→ **Requirement**:
From the records below, transcribe exactly the lines that begin at the line with "using True that" and end at the line with "by (auto simp: S_def)", both included.

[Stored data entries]
------------------------------------
lemma greedy_output_single_cache_load:
  assumes out: "greedy_output n m Us ds0 lam a"
    and Us: "\<forall>s<n. 0 \<le> Us s \<and> Us s \<le> u" and u: "0 \<le> u" and ds0: "\<forall>s<n. 1 \<le> ds0 s"
    and lam: "\<forall>c\<in>{1..m}. 0 \<le> lam c"
    and level: "c1 \<in> {1..m}" "L \<le> lam c1"
      "(\<Sum>c\<in>{1..m}. max 0 (lam c - L)) = min (\<Sum>c\<in>{1..m}. lam c) (\<Sum>s<n. Us s)"
    and c: "c \<in> {1..m}"
  shows "\<bar>(\<Sum>s | s < n \<and> cache a s = {c}. Us s) - max 0 (lam c - L)\<bar> \<le> real (3 * m + 1) * u"
proof -
  obtain fs ds fc where inv: "greedy_inv n m Us ds0 lam u (fs, ds, fc, a)"
    and final: "\<not> greedy_guard n m (fs, ds, fc, a)"
    using greedy_output_final_state[OF out Us lam] by blast
  have Us_le: "\<forall>s<n. Us s \<le> u" using Us by simp
  have "\<forall>c\<in>{1..m}. fc c \<le> lam c" and "residuals_balanced m lam u fc"
    using inv unfolding greedy_inv_def greedy_bounds_def by simp_all
  moreover have "\<bar>(\<Sum>c\<in>{1..m}. lam c - fc c) - (\<Sum>c\<in>{1..m}. max 0 (lam c - L))\<bar> \<le> real m * u"
    using served_total_near_capacity[OF inv final Us_le u ds0] level(3) by simp
  ultimately have "\<forall>c\<in>{1..m}. \<bar>fc c - min (lam c) L\<bar> \<le> real (m + 1) * u + real m * u"
    using water_filling_stable[of "{1..m}" c1 L lam fc u "real m * u"] level(1,2) u
    unfolding residuals_balanced_def by simp
  then have "\<bar>fc c - min (lam c) L\<bar> \<le> real (m + 1) * u + real m * u" using c by blast
  moreover have "\<bar>(lam c - fc c) - (\<Sum>s | s < n \<and> cache a s = {c}. Us s)\<bar> \<le> real m * u"
    by (rule served_near_single_cache_load[OF inv Us_le u c])
  moreover have "max 0 (lam c - L) = lam c - min (lam c) L" by (simp add: min_def max_def)
  moreover have "real (3 * m + 1) * u = real (m + 1) * u + real m * u + real m * u"
    by (simp add: algebra_simps)
  ultimately show ?thesis by linarith
qed

section \<open>The scaling limit\<close>

locale greedy_scaling =
  fixes I :: "'i set" and J :: "'j set" and U :: "'i \<Rightarrow> real" and d :: "'j \<Rightarrow> nat"
    and \<alpha> :: "'i \<Rightarrow> 'j \<Rightarrow> real" and m :: nat and lb :: "nat \<Rightarrow> real"
    and tp :: "nat \<Rightarrow> nat \<Rightarrow> 'i \<times> 'j" and alloc :: "nat \<Rightarrow> (nat \<times> nat) set"
    and q :: "'i \<Rightarrow> 'j \<Rightarrow> nat set \<Rightarrow> real"
  assumes finite_I: "finite I" and finite_J: "finite J"
    and U_pos: "\<forall>i\<in>I. U i > 0" and d_pos: "\<forall>j\<in>J. d j \<ge> 1"
    and alpha_nonneg: "\<forall>i\<in>I. \<forall>j\<in>J. \<alpha> i j \<ge> 0"
    and alpha_sum: "(\<Sum>i\<in>I. \<Sum>j\<in>J. \<alpha> i j) = 1"
    and alpha_rat: "\<forall>i\<in>I. \<forall>j\<in>J. \<alpha> i j \<in> \<rat>"
    and lb_pos: "\<forall>c\<in>{1..m}. lb c > 0"
    and server_types: "\<forall>n. (\<forall>i\<in>I. \<forall>j\<in>J. real n * \<alpha> i j \<in> \<nat>) \<longrightarrow>
           (\<forall>s<n. tp n s \<in> I \<times> J) \<and>
           (\<forall>i\<in>I. \<forall>j\<in>J. real (card {s. s < n \<and> tp n s = (i, j)}) = real n * \<alpha> i j)"
    and greedy: "\<forall>n. (\<forall>i\<in>I. \<forall>j\<in>J. real n * \<alpha> i j \<in> \<nat>) \<longrightarrow>
           greedy_output n m (\<lambda>s. U (fst (tp n s))) (\<lambda>s. d (snd (tp n s)))
             (\<lambda>c. real n * lb c) (alloc n)"
    and q_limit: "\<forall>i\<in>I. \<forall>j\<in>J. \<forall>K. K \<subseteq> {1..m} \<longrightarrow>
           ((\<lambda>n. cache_frac \<alpha> (tp n) (alloc n) n i j K) \<longlongrightarrow> q i j K)
             (inf sequentially (principal {n. \<forall>i\<in>I. \<forall>j\<in>J. real n * \<alpha> i j \<in> \<nat>}))"
begin

definition admissible :: "nat set" where
  "admissible = {n. \<forall>i\<in>I. \<forall>j\<in>J. real n * \<alpha> i j \<in> \<nat>}"

definition u_max :: real where
  "u_max = Max (U ` I)"

definition capacity :: real where
  "capacity = (\<Sum>i\<in>I. \<Sum>j\<in>J. \<alpha> i j * U i)"

lemma I_nonempty: "I \<noteq> {}"
  using alpha_sum by auto

lemma U_le_u_max: "i \<in> I \<Longrightarrow> U i \<le> u_max"
  unfolding u_max_def using finite_I by simp

lemma u_max_nonneg: "0 \<le> u_max"
proof -
  obtain i where "i \<in> I" using I_nonempty by blast
  with U_pos U_le_u_max[of i] show ?thesis by force
qed

lemma capacity_pos: "0 < capacity"
proof -
  have "Min (U ` I) \<le> U i" if "i \<in> I" for i using finite_I that by simp
  then have "(\<Sum>i\<in>I. \<Sum>j\<in>J. \<alpha> i j * Min (U ` I)) \<le> capacity"
    unfolding capacity_def using alpha_nonneg by (intro sum_mono mult_left_mono) auto
  moreover have "(\<Sum>i\<in>I. \<Sum>j\<in>J. \<alpha> i j * Min (U ` I)) = Min (U ` I)"
    using alpha_sum by (simp add: sum_distrib_right[symmetric])
  moreover have "0 < Min (U ` I)" using finite_I I_nonempty U_pos by simp
  ultimately show ?thesis by linarith
qed

lemma admissible_types:
  assumes "n \<in> admissible"
  shows "\<forall>s<n. tp n s \<in> I \<times> J"
    and "\<forall>i\<in>I. \<forall>j\<in>J. real (card {s. s < n \<and> tp n s = (i, j)}) = real n * \<alpha> i j"
  using server_types assms unfolding admissible_def by blast+

lemma admissible_greedy:
  "n \<in> admissible \<Longrightarrow>
     greedy_output n m (\<lambda>s. U (fst (tp n s))) (\<lambda>s. d (snd (tp n s))) (\<lambda>c. real n * lb c) (alloc n)"
  using greedy unfolding admissible_def by blast

lemma admissible_multiples: "\<exists>D>0. \<forall>N. N * D \<in> admissible"
proof -
  obtain D :: nat where D: "0 < D" "\<forall>p\<in>I \<times> J. real D * \<alpha> (fst p) (snd p) \<in> \<int>"
    using Rats_common_denominator[of "I \<times> J" "\<lambda>p. \<alpha> (fst p) (snd p)"] finite_I finite_J alpha_rat
    by auto
  have "real D * \<alpha> i j \<in> \<nat>" if "i \<in> I" "j \<in> J" for i j
  proof -
    have "real D * \<alpha> i j \<in> \<int>" using D(2) that by force
    moreover have "0 \<le> real D * \<alpha> i j" using alpha_nonneg that by simp
    ultimately show ?thesis by (simp add: Nats_altdef2)
  qed
  then have "real N * (real D * \<alpha> i j) \<in> \<nat>" if "i \<in> I" "j \<in> J" for N i j
    using that by simp
  with D(1) show ?thesis by (intro exI[of _ D]) (simp add: admissible_def mult.assoc)
qed

lemma scaling_ne_bot: "inf sequentially (principal admissible) \<noteq> bot"
proof
  assume "inf sequentially (principal admissible) = bot"
  then have "eventually (\<lambda>n. False) (inf sequentially (principal admissible))" by simp
  then have "eventually (\<lambda>n. n \<notin> admissible) sequentially"
    unfolding eventually_inf_principal by simp
  then obtain N where "\<forall>n\<ge>N. n \<notin> admissible" unfolding eventually_sequentially by blast
  moreover obtain D where "0 < D" "\<forall>N. N * D \<in> admissible" using admissible_multiples by blast
  moreover have "N \<le> N * D" using \<open>0 < D\<close> by simp
  ultimately show False by blast
qed

lemma eventually_admissible:
  "eventually (\<lambda>n. n \<in> admissible \<and> 0 < n) (inf sequentially (principal admissible))"
  unfolding eventually_inf_principal eventually_sequentially by (intro exI[of _ 1]) auto

lemma server_bandwidth_sum:
  assumes "n \<in> admissible"
  shows "(\<Sum>s<n. U (fst (tp n s))) = real n * capacity"
proof -
  have "(\<Sum>s<n. U (fst (tp n s))) = (\<Sum>i\<in>I. \<Sum>j\<in>J. U i * real (card {s\<in>{..<n}. tp n s = (i, j)}))"
    using sum_by_type[OF finite_I finite_J, of "{..<n}" "tp n" "\<lambda>p. U (fst p)"] admissible_types(1)[OF assms]
    by simp
  also have "\<dots> = (\<Sum>i\<in>I. \<Sum>j\<in>J. U i * (real n * \<alpha> i j))"
    using admissible_types(2)[OF assms] by (intro sum.cong refl) (simp add: Collect_conj_eq lessThan_def)
  finally show ?thesis by (simp add: capacity_def sum_distrib_left mult_ac)
qed

lemma weighted_cache_frac:
  assumes "n \<in> admissible" "0 < n"
  shows "(\<Sum>i\<in>I. \<Sum>j\<in>J. \<alpha> i j * U i * cache_frac \<alpha> (tp n) (alloc n) n i j K)
           = (\<Sum>s | s < n \<and> cache (alloc n) s = K. U (fst (tp n s))) / real n"
proof -
  define S where "S = {s. s < n \<and> cache (alloc n) s = K}"
  have "(\<Sum>s\<in>S. U (fst (tp n s))) = (\<Sum>i\<in>I. \<Sum>j\<in>J. U i * real (card {s\<in>S. tp n s = (i, j)}))"
    using sum_by_type[OF finite_I finite_J, of S "tp n" "\<lambda>p. U (fst p)"] admissible_types(1)[OF assms(1)]
    by (simp add: S_def)
  moreover have "\<alpha> i j * U i * cache_frac \<alpha> (tp n) (alloc n) n i j K
      = U i * real (card {s\<in>S. tp n s = (i, j)}) / real n" if "i \<in> I" "j \<in> J" for i j
  proof (cases "\<alpha> i j = 0")
    case True
    txt \<open>\<open>cache_frac\<close> divides by \<open>0\<close> here, but no server has this type.\<close>
    have "card {s\<in>S. tp n s = (i, j)} \<le> card {s. s < n \<and> tp n s = (i, j)}"
      by (intro card_mono) (auto simp: S_def)
    moreover have "real (card {s. s < n \<and> tp n s = (i, j)}) = 0"
      using True that admissible_types(2)[OF assms(1)] by simp
    ultimately have "card {s\<in>S. tp n s = (i, j)} = 0" by linarith
    then show ?thesis using True by (simp add: cache_frac_def)
  next
    case False
    have "{s\<in>S. tp n s = (i, j)} = {s. s < n \<and> tp n s = (i, j) \<and> cache (alloc n) s = K}"
      by (auto simp: S_def)
    with False assms(2) show ?thesis by (simp add: cache_frac_def)
  qed
  ultimately show ?thesis by (simp add: S_def sum_divide_distrib)
qed

lemma admissible_parameters:
  assumes "n \<in> admissible"
  shows "\<forall>s<n. 0 \<le> U (fst (tp n s)) \<and> U (fst (tp n s)) \<le> u_max"
    and "\<forall>s<n. 1 \<le> d (snd (tp n s))" and "\<forall>c\<in>{1..m}. 0 \<le> real n * lb c"
  using admissible_types(1)[OF assms] U_pos U_le_u_max d_pos lb_pos
  by (force simp: mem_Times_iff less_imp_le)+

lemma q_multi_cache_eq_zero:
  assumes ij: "i \<in> I" "j \<in> J" and K: "K \<subseteq> {1..m}" "2 \<le> card K"
  shows "q i j K = 0"
proof (rule tendsto_eq_if_dist_le_const_over_n[OF scaling_ne_bot])
  show "inf sequentially (principal admissible) \<le> sequentially" by simp
  show "((\<lambda>n. cache_frac \<alpha> (tp n) (alloc n) n i j K) \<longlongrightarrow> q i j K)
      (inf sequentially (principal admissible))"
    using q_limit ij K unfolding admissible_def by blast
  show "eventually (\<lambda>n. \<bar>cache_frac \<alpha> (tp n) (alloc n) n i j K - 0\<bar> \<le> (real m / \<alpha> i j) / real n)
      (inf sequentially (principal admissible))"
    using eventually_admissible
  proof eventually_elim
    case (elim n)
    have "card {s. s < n \<and> tp n s = (i, j) \<and> cache (alloc n) s = K}
        \<le> card {s. s < n \<and> 2 \<le> card (cache (alloc n) s)}"
      using K(2) by (intro card_mono) auto
    also have "\<dots> \<le> m"
      using elim admissible_parameters[of n] admissible_greedy[of n]
      by (intro greedy_output_card_multi_cache) auto
    finally have "real (card {s. s < n \<and> tp n s = (i, j) \<and> cache (alloc n) s = K})
        / (real n * \<alpha> i j) \<le> real m / (real n * \<alpha> i j)"
      using alpha_nonneg ij by (intro divide_right_mono) auto
    then show ?case using alpha_nonneg ij by (simp add: cache_frac_def mult.commute)
  qed
qed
------------------------------------
→ **Answer below**:
      using True that admissible_types(2)[OF assms(1)] by simp
    ultimately have "card {s\<in>S. tp n s = (i, j)} = 0" by linarith
    then show ?thesis using True by (simp add: cache_frac_def)
  next
    case False
    have "{s\<in>S. tp n s = (i, j)} = {s. s < n \<and> tp n s = (i, j) \<and> cache (alloc n) s = K}"
      by (auto simp: S_def)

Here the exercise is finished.